School of Mathematics, Statistics and Computer Science, University of KwaZulu-Natal, Durban, South Africa.
Comput Intell Neurosci. 2022 Sep 28;2022:3364141. doi: 10.1155/2022/3364141. eCollection 2022.
Classification of isolated digits is the basic challenge for many speech classification systems. While a lot of work has been carried out on spoken languages, only limited research work on spoken English digit data has been reported in the literature.

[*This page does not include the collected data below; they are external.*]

(* Let $\mathcal{B}\subseteq\mathcal{P}(X)$ be an admissible algebra containing $\mathcal{A}_0$. Let $\{\nu_k\}_{k\in\omega}$ be a sequence of (finitely additive) probability measures on $\mathcal{P}(X)$ such that (i) each $\nu_k$ is supported by a finite subset of $X$, and (ii) $\lim_k\nu_k(B)=\mu(B)$ for every $B\in\mathcal{B}$. Let $B_0\in\mathcal{B}$ be such that $\mu(B_0)>0$. Then there is $A\subseteq B_0$ such that the algebra generated by $\mathcal{B}\cup\{A\}$ is admissible and $\{\nu_k(A)\}_{k\in\omega}$ does not converge to $\mu(A)$.
   Context: $\omega=\{0,1,2,\dots\}$, $2^\omega$ is the Cantor set, $\lambda$ is the usual product probability measure on $2^\omega$, and $\mathrm{Clop}(2^\omega)$ is the algebra of clopen subsets of $2^\omega$. Let $X=\omega\times 2^\omega$. For $B\subseteq X$ and $n\in\omega$, $B_{|n}=\{t\in 2^\omega:(n,t)\in B\}$. A set $B\subseteq X$ is admissible if $B_{|n}\in\mathrm{Clop}(2^\omega)$ for all $n\in\omega$ and $\lim_n\lambda(B_{|n})$ exists; in that case $\mu(B):=\lim_n\lambda(B_{|n})$. An algebra of subsets of $X$ is admissible if all its elements are admissible. $\mathcal{A}_0$ is the algebra of subsets of $X$ generated by all products $A\times C$ with $A\subseteq\omega$ finite or cofinite and $C\in\mathrm{Clop}(2^\omega)$. *)

theory Defs
  imports "HOL-Analysis.Analysis" "HOL-Probability.Probability"
begin

type_synonym cantor = "nat \<Rightarrow> bool"
type_synonym X = "nat \<times> cantor"

definition Clop :: "cantor set set" where
  "Clop = {C. open C \<and> closed C}"

definition cantor_measure :: "cantor measure" where
  "cantor_measure = (\<Pi>\<^sub>M i\<in>(UNIV::nat set). measure_pmf (bernoulli_pmf (1/2)))"

definition lam :: "cantor set \<Rightarrow> real" where
  "lam C = measure cantor_measure C"

definition section_at :: "X set \<Rightarrow> nat \<Rightarrow> cantor set" where
  "section_at B n = {t. (n, t) \<in> B}"

definition admissible :: "X set \<Rightarrow> bool" where
  "admissible B \<longleftrightarrow> (\<forall>n. section_at B n \<in> Clop) \<and> convergent (\<lambda>n. lam (section_at B n))"

definition mu :: "X set \<Rightarrow> real" where
  "mu B = lim (\<lambda>n. lam (section_at B n))"

definition admissible_algebra :: "X set set \<Rightarrow> bool" where
  "admissible_algebra \<B> \<longleftrightarrow> algebra UNIV \<B> \<and> (\<forall>B\<in>\<B>. admissible B)"

definition gen_algebra :: "X set set \<Rightarrow> X set set" where
  "gen_algebra S = \<Inter>{\<A>. algebra UNIV \<A> \<and> S \<subseteq> \<A>}"

definition A0 :: "X set set" where
  "A0 = gen_algebra {A \<times> C | A C. (finite A \<or> finite (- A)) \<and> C \<in> Clop}"

definition fa_prob :: "(X set \<Rightarrow> real) \<Rightarrow> bool" where
  "fa_prob \<nu> \<longleftrightarrow> (\<forall>A. \<nu> A \<ge> 0) \<and> \<nu> UNIV = 1 \<and>
     (\<forall>A B. A \<inter> B = {} \<longrightarrow> \<nu> (A \<union> B) = \<nu> A + \<nu> B)"

definition finitely_supported :: "(X set \<Rightarrow> real) \<Rightarrow> bool" where
  "finitely_supported \<nu> \<longleftrightarrow> (\<exists>F. finite F \<and> \<nu> F = 1)"

end

theory Submission
  imports Defs
begin

text \<open>
  The columns \<open>{..<j} \<times> 2\<^sup>\<omega>\<close> lie in \<open>\<A>\<^sub>0\<close> and have \<open>\<mu>\<close>-measure 0, so a diagonal choice gives
  indices \<open>k\<^sub>j \<ge> j\<close> such that \<open>\<nu>\<^bsub>k\<^sub>j\<^esub>\<close> of the first \<open>j\<close> columns tends to 0. Let \<open>F\<^sub>j\<close> be a
  finite support of \<open>\<nu>\<^bsub>k\<^sub>j\<^esub>\<close>. In column \<open>n\<close> only the finitely many points of \<open>F\<^sub>0, \<dots>, F\<^sub>n\<close>
  matter, and they can be covered by a clopen set \<open>D\<^sub>n\<close> with \<open>\<lambda>(D\<^sub>n) \<le> 2\<^sup>-\<^sup>n\<close>. Removing all
  \<open>(n, t)\<close> with \<open>t \<in> D\<^sub>n\<close> from \<open>B\<^sub>0\<close> gives \<open>A\<close>. Its sections differ from those of \<open>B\<^sub>0\<close> by sets
  of vanishing measure, so adjoining \<open>A\<close> keeps the algebra admissible and \<open>\<mu>(A) = \<mu>(B\<^sub>0) > 0\<close>;
  but \<open>A \<inter> F\<^sub>j\<close> lies in the first \<open>j\<close> columns, hence \<open>\<nu>\<^bsub>k\<^sub>j\<^esub>(A) \<rightarrow> 0\<close>.
\<close>

(* Needed for sets_PiM_equal_borel: the product sigma-algebra of the Cantor set is its Borel one. *)
instance bool :: second_countable_topology
proof
  show "\<exists>B::bool set set. countable B \<and> open = generate_topology B"
  proof (intro exI conjI)
    show "countable (UNIV :: bool set set)" by simp
    show "open = generate_topology (UNIV :: bool set set)"
      by (intro ext iffI) (simp_all add: generate_topology.Basis discrete_topology_class.open_discrete)
  qed
qed

lemma space_cantor_measure [simp]: "space cantor_measure = UNIV"
  by (simp add: cantor_measure_def space_PiM)

lemma prob_space_cantor_measure: "prob_space cantor_measure"
  unfolding cantor_measure_def by (rule prob_space_PiM) (simp add: prob_space_measure_pmf)

lemma sets_cantor_measure: "sets cantor_measure = sets (borel :: cantor measure)"
proof -
  have sets_bool: "sets (borel :: bool measure) = UNIV"
    by (auto simp: discrete_topology_class.open_discrete)
  have "sets cantor_measure = sets (Pi\<^sub>M (UNIV::nat set) (\<lambda>_. borel :: bool measure))"
    unfolding cantor_measure_def by (rule sets_PiM_cong) (simp_all add: sets_bool)
  also have "\<dots> = sets borel"
    by (rule sets_PiM_equal_borel)
  finally show ?thesis .
qed

lemma Clop_sets_cantor_measure: "C \<in> Clop \<Longrightarrow> C \<in> sets cantor_measure"
  unfolding sets_cantor_measure Clop_def by auto

lemma Clop_Int: "A \<in> Clop \<Longrightarrow> B \<in> Clop \<Longrightarrow> A \<inter> B \<in> Clop"
  and Clop_Un: "A \<in> Clop \<Longrightarrow> B \<in> Clop \<Longrightarrow> A \<union> B \<in> Clop"
  and Clop_Diff: "A \<in> Clop \<Longrightarrow> B \<in> Clop \<Longrightarrow> A - B \<in> Clop"
  by (auto simp: Clop_def open_Diff closed_Diff)

lemma Clop_UN: "finite I \<Longrightarrow> (\<And>i. i \<in> I \<Longrightarrow> C i \<in> Clop) \<Longrightarrow> (\<Union>i\<in>I. C i) \<in> Clop"
  by (auto simp: Clop_def intro!: open_UN closed_UN)

definition cylinder :: "cantor \<Rightarrow> nat \<Rightarrow> cantor set" where
  "cylinder p m = {t. \<forall>i<m. t i = p i}"

lemma cylinder_Clop: "cylinder p m \<in> Clop"
proof -
  have "cylinder p m = (\<Inter>i\<in>{..<m}. (\<lambda>t. t i) -` {p i})"
    by (auto simp: cylinder_def)
  moreover have "open ((\<lambda>t::cantor. t i) -` {p i})" "closed ((\<lambda>t::cantor. t i) -` {p i})" for i
    by (auto intro!: open_vimage closed_vimage simp: closed_def discrete_topology_class.open_discrete)
  ultimately show ?thesis
    unfolding Clop_def by (auto intro!: open_INT closed_INT)
qed

lemma lam_cylinder: "lam (cylinder p m) = (1/2) ^ m"
proof -
  interpret product_prob_space "\<lambda>_::nat. measure_pmf (bernoulli_pmf (1/2))" UNIV
    by unfold_locales
  have "emeasure cantor_measure (cylinder p m)
      = (\<Prod>i\<in>{..<m}. emeasure (measure_pmf (bernoulli_pmf (1/2))) {p i})"
    using emeasure_PiM_Collect[of "{..<m}" "\<lambda>i. {p i}"]
    by (simp add: cantor_measure_def cylinder_def space_PiM Ball_def)
  also have "\<dots> = (\<Prod>i\<in>{..<m}. ennreal (1/2))"
    by (rule prod.cong[OF refl]) (cases "p i"; simp add: emeasure_pmf_single)
  also have "\<dots> = ennreal ((1/2) ^ m)"
    by (subst prod_ennreal) auto
  finally show ?thesis
    by (simp add: lam_def measure_def)
qed

lemma finite_subset_small_Clop:
  assumes "finite P"
  obtains D where "D \<in> Clop" "P \<subseteq> D" "lam D \<le> (1/2) ^ n"
proof
  interpret prob_space cantor_measure by (rule prob_space_cantor_measure)
  let ?m = "card P + n"
  show "(\<Union>p\<in>P. cylinder p ?m) \<in> Clop"
    using assms by (intro Clop_UN cylinder_Clop)
  show "P \<subseteq> (\<Union>p\<in>P. cylinder p ?m)"
    by (auto simp: cylinder_def)
  have "lam (\<Union>p\<in>P. cylinder p ?m) \<le> (\<Sum>p\<in>P. lam (cylinder p ?m))"
    unfolding lam_def using assms Clop_sets_cantor_measure[OF cylinder_Clop]
    by (intro finite_measure_subadditive_finite) auto
  also have "\<dots> = real (card P) * (1/2) ^ card P * (1/2) ^ n"
    by (simp add: lam_cylinder power_add)
  also have "\<dots> \<le> (1/2) ^ n"
  proof -
    have "real (card P) \<le> 2 ^ card P"
      using less_exp[of "card P"] by (metis less_imp_le of_nat_le_iff of_nat_numeral of_nat_power)
    then have "real (card P) * (1/2) ^ card P \<le> 1"
      by (simp add: power_one_over field_simps)
    then show ?thesis
      by (simp add: mult_left_le_one_le)
  qed
  finally show "lam (\<Union>p\<in>P. cylinder p ?m) \<le> (1/2) ^ n" .
qed

lemma lam_nonneg [simp]: "0 \<le> lam C"
  by (simp add: lam_def)

lemma lam_diff_le:
  assumes "X \<in> Clop" "Y \<in> Clop" "D \<in> Clop" "X - Y \<subseteq> D" "Y - X \<subseteq> D"
  shows "\<bar>lam X - lam Y\<bar> \<le> lam D"
proof -
  interpret prob_space cantor_measure by (rule prob_space_cantor_measure)
  have "lam U \<le> lam V + lam D" if "U \<in> Clop" "V \<in> Clop" "U - V \<subseteq> D" for U V
  proof -
    have "lam U \<le> lam (V \<union> D)"
      unfolding lam_def using that assms(3) Clop_sets_cantor_measure
      by (intro finite_measure_mono) auto
    also have "\<dots> \<le> lam V + lam D"
      unfolding lam_def using that assms(3) Clop_sets_cantor_measure
      by (intro measure_Un_le) auto
    finally show ?thesis .
  qed
  from this[of X Y] this[of Y X] assms show ?thesis
    by linarith
qed

lemma section_at_Int [simp]: "section_at (A \<inter> B) n = section_at A n \<inter> section_at B n"
  and section_at_Un [simp]: "section_at (A \<union> B) n = section_at A n \<union> section_at B n"
  and section_at_Diff [simp]: "section_at (A - B) n = section_at A n - section_at B n"
  by (auto simp: section_at_def)

lemma admissible_close:
  assumes T: "admissible T" and S: "\<And>n. section_at S n \<in> Clop"
    and D: "\<And>n. D n \<in> Clop" "(\<lambda>n. lam (D n)) \<longlonglongrightarrow> 0"
    and close: "\<And>n. section_at S n - section_at T n \<subseteq> D n"
      "\<And>n. section_at T n - section_at S n \<subseteq> D n"
  shows "admissible S" and "mu S = mu T"
proof -
  have T_Clop: "section_at T n \<in> Clop" for n
    using T by (simp add: admissible_def)
  have lim_T: "(\<lambda>n. lam (section_at T n)) \<longlonglongrightarrow> mu T"
    using T by (simp add: admissible_def mu_def convergent_LIMSEQ_iff)
  have "(\<lambda>n. lam (section_at S n) - lam (section_at T n)) \<longlonglongrightarrow> 0"
    by (rule Lim_null_comparison[OF _ D(2)])
      (auto intro!: always_eventually lam_diff_le S T_Clop D close)
  from tendsto_add[OF lim_T this] have lim_S: "(\<lambda>n. lam (section_at S n)) \<longlonglongrightarrow> mu T"
    by simp
  then show "admissible S"
    using S by (auto simp: admissible_def convergent_def)
  show "mu S = mu T"
    using limI[OF lim_S] by (simp add: mu_def)
qed

lemma algebra_gen_algebra: "algebra UNIV (gen_algebra S)"
  unfolding gen_algebra_def algebra_iff_Un by auto

lemma gen_algebra_least: "algebra UNIV E \<Longrightarrow> S \<subseteq> E \<Longrightarrow> gen_algebra S \<subseteq> E"
  unfolding gen_algebra_def by auto

lemma gen_algebra_insert_subset:
  assumes "algebra UNIV \<B>"
  shows "gen_algebra (insert A \<B>) \<subseteq> {(B1 \<inter> A) \<union> (B2 - A) | B1 B2. B1 \<in> \<B> \<and> B2 \<in> \<B>}"
    (is "_ \<subseteq> ?E")
proof (rule gen_algebra_least)
  interpret algebra UNIV \<B> by (fact assms)
  show "algebra UNIV ?E"
    unfolding algebra_iff_Un
  proof (intro conjI ballI)
    show "{} \<in> ?E"
      by (intro CollectI exI[of _ "{}"]) auto
    fix a b assume "a \<in> ?E" "b \<in> ?E"
    then obtain B1 B2 C1 C2 where
      a: "a = (B1 \<inter> A) \<union> (B2 - A)" "B1 \<in> \<B>" "B2 \<in> \<B>" and
      b: "b = (C1 \<inter> A) \<union> (C2 - A)" "C1 \<in> \<B>" "C2 \<in> \<B>"
      by blast
    show "UNIV - a \<in> ?E"
      by (intro CollectI exI[of _ "UNIV - B1"] exI[of _ "UNIV - B2"]) (auto simp: a)
    show "a \<union> b \<in> ?E"
      by (intro CollectI exI[of _ "B1 \<union> C1"] exI[of _ "B2 \<union> C2"]) (auto simp: a b)
  qed simp
  have "A \<in> ?E"
    by (intro CollectI exI[of _ UNIV] exI[of _ "{}"]) auto
  moreover have "B \<in> ?E" if "B \<in> \<B>" for B
    using that by (intro CollectI exI[of _ B] exI[of _ B]) auto
  ultimately show "insert A \<B> \<subseteq> ?E"
    by blast
qed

The paper proposes an intelligent-based system based on deep feedforward neural network (DFNN) with hyperparameter optimization techniques, an ensemble method; random forest (RF), and a regression method; gradient boosting (GB) for the classification of spoken digit data. The paper investigates different machine learning (ML) algorithms to determine the best method for the classification of spoken English digit data. The DFNN classifier outperformed the RF and GB classifiers on the public benchmark spoken English digit data and achieved 99.65% validation accuracy. The outcome of the proposed model performs better compared to existing models with only traditional classifiers.
孤立数字的分类是许多语音分类系统的基本挑战。虽然已经有很多针对口语的研究工作,但文献中仅报道了针对英语口语数字数据的有限研究工作。本文提出了一种基于深度前馈神经网络(DFNN)的智能系统,该系统结合了超参数优化技术、集成方法——随机森林(RF)和回归方法——梯度提升(GB),用于英语口语数字数据的分类。本文研究了不同的机器学习(ML)算法,以确定用于英语口语数字数据分类的最佳方法。在公共基准英语口语数字数据上,DFNN 分类器优于 RF 和 GB 分类器,验证准确率达到 99.65%。与仅使用传统分类器的现有模型相比,所提出模型的结果更好。